• [DIRECTIONS]: Scan the entries below. Return every line that includes "dots".

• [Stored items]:
lemma degree_eq_sum_order:
  fixes p :: "complex poly"
  assumes "p \<noteq> 0"
  shows "degree p = (\<Sum>a | poly p a = 0. order a p)"
proof -
  have "degree p = degree (smult (lead_coeff p) (\<Prod>a | poly p a = 0. [:-a, 1:] ^ order a p))"
    by (simp add: complex_poly_decompose)
  also have "\<dots> = (\<Sum>a | poly p a = 0. order a p)"
    using assms by (simp add: degree_prod_sum_eq degree_power_eq)
  finally show ?thesis .
qed

lemma degree_le_if_order_le:
  fixes p q :: "complex poly"
  assumes "p \<noteq> 0" "q \<noteq> 0" and order_le: "\<And>a. order a p \<le> order a q"
  shows "degree p \<le> degree q"
proof -
  have roots: "{a. poly p a = 0} \<subseteq> {a. poly q a = 0}"
    using assms order_le by (auto simp: order_root intro: less_le_trans)
  have "degree p = (\<Sum>a | poly p a = 0. order a p)"
    by (rule degree_eq_sum_order[OF assms(1)])
  also have "\<dots> \<le> (\<Sum>a | poly p a = 0. order a q)"
    by (intro sum_mono order_le)
  also have "\<dots> \<le> (\<Sum>a | poly q a = 0. order a q)"
    using assms(2) poly_roots_finite roots by (intro sum_mono2) auto
  also have "\<dots> \<le> degree q"
    by (rule sum_order_le_degree[OF assms(2)])
  finally show ?thesis .
qed
(* Let $R\in\{\mathbb Z,\mathbb Z_2\}$, let $K$ be an $(n-1)$-dimensional star-shaped simplicial sphere on $[m]$, let $\lambda_1,\lambda_2$ be R-characteristic maps over $K$ (regarded as $n\times m$ matrices) and let $v\in[m]$. Then $\lambda_1$ and $\lambda_2$ are joined by an edge colored $v$ in the pre-diagram $D'(K)$ if and only if $\operatorname{Pr}(\lambda_1,v)$ and $\operatorname{Pr}(\lambda_2,v)$ coincide up to left multiplication by an element of $GL_{n-1}(R)$.
   Context: An $R$-basis of $R^n$ is a $\mathbb Z$-basis of $\mathbb Z^n$ ($R=\mathbb Z$) or a basis of $\mathbb Z_2^n$ ($R=\mathbb Z_2$). An $R$-characteristic map over a simplicial complex $L$ with $(n-1)$-dimensional facets is a map $\lambda$ from the vertex set to $R^n$ such that the images of the vertices of each $(n-1)$-face form an $R$-basis; it is written as the $n\times m$ matrix of its column vectors. Two characteristic maps are D-J equivalent if one is obtained from the other by left multiplication by an element of $GL_n(R)$ (row operations). For a face $\sigma$ of $L$ and a characteristic map $\lambda$, the projection $\operatorname{proj}_\sigma\lambda$ is the characteristic map on $\operatorname{link}_L\sigma$ given by $w\mapsto[\lambda(w)]\in R^n/\langle\lambda(u):u\in\sigma\rangle\cong R^{n-|\sigma|}$, well defined up to D-J equivalence. The wedge $\operatorname{wed}_vK=(I\star\operatorname{link}_K\{v\})\cup(\partial I\star(K\setminus\{v\}))$, where $I$ is a $1$-simplex on new vertices $v_1,v_2$ replacing $v$; for $a\ne b$ in $\{1,2\}$, $\operatorname{link}_{\operatorname{wed}_vK}\{v_a\}$ is identified with $K$ via $v_b\mapsto v$ and $i\mapsto i$ for $i\ne v$. The pre-diagram $D'(K)$ is the edge-colored multigraph (loops allowed) whose vertices are the D-J classes of $R$-characteristic maps over $K$, and which has an edge colored $v$ between classes $\lambda_1,\lambda_2$ iff there exists an $R$-characteristic map $\Lambda$ over $\operatorname{wed}_vK$ with $\operatorname{proj}_{v_1}\Lambda=\lambda_1$ and $\operatorname{proj}_{v_2}\Lambda=\lambda_2$ (up to D-J equivalence, via the identifications above). For an $R$-characteristic map $\lambda$ over $K$ and $v\in[m]$, choose $g\in GL_n(R)$ such that the $v$-th column of $g\lambda$ is the first standard basis vector $e_1$; then $\operatorname{Pr}(\lambda,v)$ is the $(n-1)\times(m-1)$ matrix obtained from $g\lambda$ by deleting the first row and the $v$-th column (well defined up to left multiplication by $GL_{n-1}(R)$). *)

theory Defs
  imports "HOL-Analysis.Analysis" "HOL-Library.Z2" "Jordan_Normal_Form.Matrix"
begin

(* Vertex set [m] is represented as {0..<m}; vertex i corresponds to column i. *)

definition simplicial_complex_on :: "nat \<Rightarrow> nat set set \<Rightarrow> bool" where
  "simplicial_complex_on m K \<longleftrightarrow>
     (\<forall>\<sigma>\<in>K. \<sigma> \<subseteq> {..<m}) \<and> (\<forall>\<sigma>\<in>K. \<forall>\<tau>. \<tau> \<subseteq> \<sigma> \<longrightarrow> \<tau> \<in> K) \<and> (\<forall>i<m. {i} \<in> K)"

• [ANSWER FOR THE TASK]:
  also have "\<dots> = (\<Sum>a | poly p a = 0. order a p)"
  also have "\<dots> \<le> (\<Sum>a | poly p a = 0. order a q)"
  also have "\<dots> \<le> (\<Sum>a | poly q a = 0. order a q)"
  also have "\<dots> \<le> degree q"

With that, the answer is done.